At this point you should be able to run the project to make sure that everything you've done so far is correct. You should be able to fire up the project and navigate to http://localhost:xxxx/Employees where xxxx is the port number for your project:

image

Ok, so it doesn't look very sexy, but it's a website with a SQL Server Compact database sitting behind it, all up and running in just a few steps.

Introducing LIFTI

The full text index that you will be using is an updatable full text index that will contain the IDs of employees indexed against the text in their notes. More specifically, this will be an instance of PersistedFullTextIndex<int> - this type of index is backed by a file store, which means that if the web application is stopped and started, the index will not lose all its data and will be able to pick up where it left off. Significantly this means that you will be able to keep the index and database in sync, assuming that whenever the database is updated you also update the index.
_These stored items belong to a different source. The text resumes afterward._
lemma orthogonal_residual_field:
  assumes "doubling X K" "m + K ^ 3 \<le> D" "0 \<le> L"
    and frame: "\<And>k. k \<in> {1..m} \<Longrightarrow> v k \<in> F \<and> N (v k) \<le> 1"
    and orthonormal: "\<And>p j k. p \<in> X \<Longrightarrow> j \<in> {1..m} \<Longrightarrow> k \<in> {1..m} \<Longrightarrow>
      vinner D (v j p) (v k p) = (if j = k then 1 else 0)"
    and lip: "\<And>k x y. k \<in> {1..m} \<Longrightarrow> x \<in> X \<Longrightarrow> y \<in> X \<Longrightarrow>
      vnorm D (\<lambda>i. v k x i - v k y i) \<le> L * dist x y"
  obtains u where "u \<in> F" "N u \<le> residual_bound K m L C3 C4 Capp"
    "\<And>p. p \<in> X \<Longrightarrow> 1 / 4 \<le> vnorm D (u p)"
    "\<And>p k. p \<in> X \<Longrightarrow> k \<in> {1..m} \<Longrightarrow> vinner D (v k p) (u p) = 0"
proof -
  define \<eta> where "\<eta> = 1 / (8 * (real m + 1))"
  define r where "r = \<eta> / (2 * (real K ^ 2 + 1) * (L + 1))"
  define Lw where "Lw = real K ^ 2 / r"
  have \<eta>: "\<eta> > 0"
    by (simp add: \<eta>_def)
  with assms(3) have r: "r > 0"
    by (simp add: r_def add_nonneg_pos)
  obtain w where w: "\<And>p. p \<in> X \<Longrightarrow> w p \<in> RD D"
      "\<And>p. p \<in> X \<Longrightarrow> 1 / 2 \<le> vnorm D (w p) \<and> vnorm D (w p) \<le> real K ^ 2"
      "\<And>p k. p \<in> X \<Longrightarrow> k \<in> {1..m} \<Longrightarrow> \<bar>vinner D (v k p) (w p)\<bar> \<le> real K ^ 2 * (L * (2 * r))"
      "\<And>p q. p \<in> X \<Longrightarrow> q \<in> X \<Longrightarrow> vnorm D (\<lambda>i. w p i - w q i) \<le> real K ^ 2 / r * dist p q"
    using almost_orthogonal_lipschitz_field[where v = v, OF assms(1) r assms(2,3) lip] by blast
  have "0 \<le> Lw"
    using r by (simp add: Lw_def)
  moreover have "vnorm D (\<lambda>i. w x i - w y i) \<le> Lw * dist x y" if "x \<in> X" "y \<in> X" for x y
    using w(4)[OF that] by (simp add: Lw_def)
  moreover have "vnorm D (w x) \<le> real K ^ 2" if "x \<in> X" for x
    using w(2)[OF that] by blast
  ultimately obtain u1 where u1: "u1 \<in> F" "\<And>x. x \<in> X \<Longrightarrow> vnorm D (\<lambda>i. u1 x i - w x i) \<le> \<eta>"
      "N u1 \<le> (Lw + 1) * \<bar>Capp (\<eta> / (Lw + 1))\<bar> * (real K ^ 2 + 1)"
    using approximation_in_F[of w Lw "real K ^ 2" \<eta>] w(1) zero_le_power2 \<eta> by blast
  define u where "u = (\<lambda>x. proj_off D m (\<lambda>k. v k x) (u1 x))"
  show ?thesis
  proof (rule that)
    show "u \<in> F"
      unfolding u_def using proj_off_in_F[where m = m and v = v, OF u1(1) frame] by blast
    have "N u \<le> (1 + m * \<bar>C3\<bar> * \<bar>C4\<bar>) * N u1"
      unfolding u_def using proj_off_in_F[where m = m and v = v, OF u1(1) frame] by blast
    with mult_left_mono[OF u1(3), of "1 + m * \<bar>C3\<bar> * \<bar>C4\<bar>"]
    show "N u \<le> residual_bound K m L C3 C4 Capp"
      unfolding residual_bound_def Let_def by (simp add: Lw_def r_def \<eta>_def)
  next
    fix p
    assume p: "p \<in> X"
    have "\<bar>vinner D (v k p) (w p)\<bar> \<le> \<eta>" if "k \<in> {1..m}" for k
      using w(3)[OF p that] net_scale_small[OF zero_le_power2 assms(3) \<eta>, of "real K"] unfolding r_def
      by linarith
    moreover have "vnorm D (v k p) = 1" if "k \<in> {1..m}" for k
      using orthonormal[OF p that that] by (simp add: vnorm_def)
    ultimately have "1 / 2 - (2 * real m + 1) * \<eta> \<le> vnorm D (u p)"
      unfolding u_def using w(2)[OF p] u1(2)[OF p]
      by (intro vnorm_proj_off_near_ge[where b = "\<lambda>k. v k p" and w = "w p"]) auto
    moreover have "(2 * real m + 1) * \<eta> \<le> 1 / 4"
      by (simp add: \<eta>_def field_simps)
    ultimately show "1 / 4 \<le> vnorm D (u p)"
      by linarith
    show "vinner D (v k p) (u p) = 0" if "k \<in> {1..m}" for k
      unfolding u_def using orthonormal[OF p] that by (rule vinner_proj_off)
  qed
qed

lemma unit_orthogonal_extension:
  assumes "doubling X K" "m + K ^ 3 \<le> D" "0 \<le> L"
    and frame: "\<And>k. k \<in> {1..m} \<Longrightarrow> v k \<in> F \<and> N (v k) \<le> 1"
    and orthonormal: "\<And>p j k. p \<in> X \<Longrightarrow> j \<in> {1..m} \<Longrightarrow> k \<in> {1..m} \<Longrightarrow>
      vinner D (v j p) (v k p) = (if j = k then 1 else 0)"
    and lip: "\<And>k x y. k \<in> {1..m} \<Longrightarrow> x \<in> X \<Longrightarrow> y \<in> X \<Longrightarrow>
      vnorm D (\<lambda>i. v k x i - v k y i) \<le> L * dist x y"
  shows "\<exists>u\<in>F. N u \<le> extension_bound K m L C3 C4 Cinv Cabs Capp \<and>
    (\<forall>p\<in>X. vnorm D (u p) = 1 \<and> (\<forall>k\<in>{1..m}. vinner D (v k p) (u p) = 0))"
proof -
  obtain u where u: "u \<in> F" "N u \<le> residual_bound K m L C3 C4 Capp"
      "\<And>p. p \<in> X \<Longrightarrow> 1 / 4 \<le> vnorm D (u p)"
      "\<And>p k. p \<in> X \<Longrightarrow> k \<in> {1..m} \<Longrightarrow> vinner D (v k p) (u p) = 0"
    using orthogonal_residual_field[where v = v, OF assms] by blast
  define n where "n = (\<lambda>x i. (1 / vnorm D (u x)) * u x i)"
  have n: "n \<in> F" "N n \<le> \<bar>C3\<bar> * \<bar>Cinv (1 / 4)\<bar> * \<bar>Cabs (1 / 4)\<bar> * (N u)\<^sup>2"
    unfolding n_def using normalise_in_F[OF u(1) _ u(3)] by simp_all
  have "(N u)\<^sup>2 \<le> (residual_bound K m L C3 C4 Capp)\<^sup>2"
    using u(2) N_nonneg[OF u(1)] by (rule power_mono)
  from mult_left_mono[OF this, of "\<bar>C3\<bar> * \<bar>Cinv (1 / 4)\<bar> * \<bar>Cabs (1 / 4)\<bar>"] n(2)
  have "N n \<le> extension_bound K m L C3 C4 Cinv Cabs Capp"
    unfolding extension_bound_def by simp
  moreover have "vnorm D (n p) = 1" if "p \<in> X" for p
  proof -
    have "vnorm D (u p) > 0"
      using u(3)[OF that] by linarith
    then show ?thesis
      using vnorm_scale[of D "1 / vnorm D (u p)" "u p"] by (simp add: n_def)
  qed
  moreover have "vinner D (v k p) (n p) = 0" if "p \<in> X" "k \<in> {1..m}" for p k
    using vinner_scale_right[of D "v k p" "1 / vnorm D (u p)" "u p"] u(4)[OF that] by (simp add: n_def)
  ultimately show ?thesis
    using n(1) by blast
qed

end

lemma dimension_bound:
  assumes "2 \<le> K" "real m \<le> real D - 224 * real K ^ 4 * ln (real K)"
  shows "m + K ^ 3 \<le> D"
proof -
  have "ln (1 / 2 :: real) \<le> 1 / 2 - 1"
    by (rule ln_le_minus_one) simp
  then have "1 / 2 \<le> ln (2 :: real)"
    by (simp add: ln_div)
  also have "\<dots> \<le> ln (real K)"
    using assms(1) by simp
  finally have "2 * (1 / 2) \<le> 224 * real K * ln (real K)"
    using assms(1) by (intro mult_mono) auto
  then have "real K ^ 3 * 1 \<le> real K ^ 3 * (224 * real K * ln (real K))"
    by (intro mult_left_mono) auto
  then have "real K ^ 3 \<le> 224 * real K ^ 4 * ln (real K)"
    by (simp add: power_numeral_reduce algebra_simps)
  with assms(2) have "real (m + K ^ 3) \<le> real D"
    by simp
  then show ?thesis
    by linarith
qed

lemma vnorm_diff_le_of_lipnormV_le:
  assumes "u \<in> LipV D X" "lipnormV D X u \<le> C * n" "0 \<le> n" "n \<le> 1" "x \<in> X" "y \<in> X"
  shows "vnorm D (\<lambda>i. u x i - u y i) \<le> max C 0 * dist x y"
proof -
  have "C * n \<le> max C 0"
    using assms(3,4) by (cases "0 \<le> C") (auto intro: mult_left_le order_trans[OF mult_nonpos_nonneg])
  then have "lipnormV D X u \<le> max C 0"
    using assms(2) by linarith
  moreover have "lipschitzV D X u"
    using assms(1) by (simp add: LipV_def)
  ultimately show ?thesis
    using vnorm_diff_le_lipnormV[of D X u x y] mult_right_mono[of _ _ "dist x y"] assms(5,6)
    by (meson order_trans zero_le_dist)
qed

theorem theorem4p5:
  fixes K m :: nat
    and C1 C2 C3 C4 :: real
    and Cinv Cabs Capp :: "real \<Rightarrow> real"
  assumes "K \<ge> 2"
  shows "\<exists>C::real. \<forall>(X::'a::metric_space set) D
            (F1::('a \<Rightarrow> real) set) N1 (F::('a \<Rightarrow> nat \<Rightarrow> real) set) N
            (v::nat \<Rightarrow> 'a \<Rightarrow> nat \<Rightarrow> real).
     doubling X K \<longrightarrow>
     F1 \<subseteq> LipR X \<longrightarrow> F \<subseteq> LipV D X \<longrightarrow>
     normed_fs_R F1 N1 \<longrightarrow> normed_fs_V F N \<longrightarrow>
     (\<forall>f\<in>F1. lipnormR X f \<le> C1 * N1 f) \<longrightarrow>
     (\<forall>u\<in>F. lipnormV D X u \<le> C2 * N u) \<longrightarrow>
     (\<forall>f\<in>F1. \<forall>u\<in>F. (\<lambda>x i. f x * u x i) \<in> F \<and>
                      N (\<lambda>x i. f x * u x i) \<le> C3 * N1 f * N u) \<longrightarrow>
     (\<forall>u\<in>F. \<forall>w\<in>F. (\<lambda>x. vinner D (u x) (w x)) \<in> F1 \<and>
                      N1 (\<lambda>x. vinner D (u x) (w x)) \<le> C4 * N u * N w) \<longrightarrow>
     (\<forall>f\<in>F1. \<forall>c>0. (\<forall>x\<in>X. f x \<ge> c) \<longrightarrow>
                      (\<lambda>x. 1 / f x) \<in> F1 \<and> N1 (\<lambda>x. 1 / f x) \<le> Cinv c * N1 f) \<longrightarrow>
     (\<forall>u\<in>F. \<forall>c>0. (\<forall>x\<in>X. vnorm D (u x) \<ge> c) \<longrightarrow>
                      (\<lambda>x. vnorm D (u x)) \<in> F1 \<and> N1 (\<lambda>x. vnorm D (u x)) \<le> Cabs c * N u) \<longrightarrow>
     (\<forall>\<delta>>0. \<forall>w. (\<forall>x\<in>X. w x \<in> RD D) \<longrightarrow> lipschitzV D X w \<longrightarrow> lipnormV D X w \<le> 1 \<longrightarrow>
        (\<exists>u\<in>F. (\<exists>\<epsilon><\<delta>. \<forall>x\<in>X. vnorm D (\<lambda>i. u x i - w x i) \<le> \<epsilon>) \<and>
                (boundedV D X w \<longrightarrow> N u \<le> Capp \<delta> * (linfV D X w + lipnormV D X w)))) \<longrightarrow>
     1 \<le> m \<longrightarrow> real m \<le> real D - 224 * real K ^ 4 * ln (real K) \<longrightarrow>
     (\<forall>i\<in>{1..m}. v i \<in> F \<and> N (v i) \<le> 1) \<longrightarrow>
     (\<forall>p\<in>X. \<forall>i\<in>{1..m}. \<forall>j\<in>{1..m}. vinner D (v i p) (v j p) = (if i = j then 1 else 0)) \<longrightarrow>
     (\<exists>u\<in>F. N u \<le> C \<and>
        (\<forall>p\<in>X. vnorm D (u p) = 1 \<and> (\<forall>i\<in>{1..m}. vinner D (v i p) (u p) = 0)))"
  apply (intro exI[of _ "extension_bound K m (max C2 0) C3 C4 Cinv Cabs Capp"] allI impI)
  subgoal premises hyps for X D F1 N1 F N v
  proof -
    interpret frame_function_spaces X D F1 N1 F N C3 C4 Cinv Cabs Capp
      by (intro frame_function_spaces.intro hyps(4,5,8-12))
    have frame: "v k \<in> F \<and> N (v k) \<le> 1" if "k \<in> {1..m}" for k
      using hyps(15) that by blast
    have "vnorm D (\<lambda>i. v k x i - v k y i) \<le> max C2 0 * dist x y"
      if "k \<in> {1..m}" "x \<in> X" "y \<in> X" for k x y
      using frame[OF that(1)] hyps(3,7) N_nonneg that(2,3)
      by (intro vnorm_diff_le_of_lipnormV_le[of "v k" D X C2 "N (v k)"]) auto
    then show ?thesis
      using unit_orthogonal_extension[OF hyps(1) dimension_bound[OF assms hyps(14)] _ frame, of "max C2 0"]
        hyps(16) by auto
  qed
  done

end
Under most circumstances there should only ever be one instance of your index in memory. This means that all of your code, whatever thread it is on, should interact with the same index (don't worry, LIFTI's implementation of the full text index is thread safe.). You could implement this is any number of ways:

  • Using the singleton pattern
  • Storing the index in a static variable somewhere that can be access by the depending code
  • Storing the index in Application state
  • Using dependency injection to provide one common index to any depending code

Like all good developers these days, I'm sure you'll want to take the dependency injection route! The first step to this is to add your index into the dependency injection framework.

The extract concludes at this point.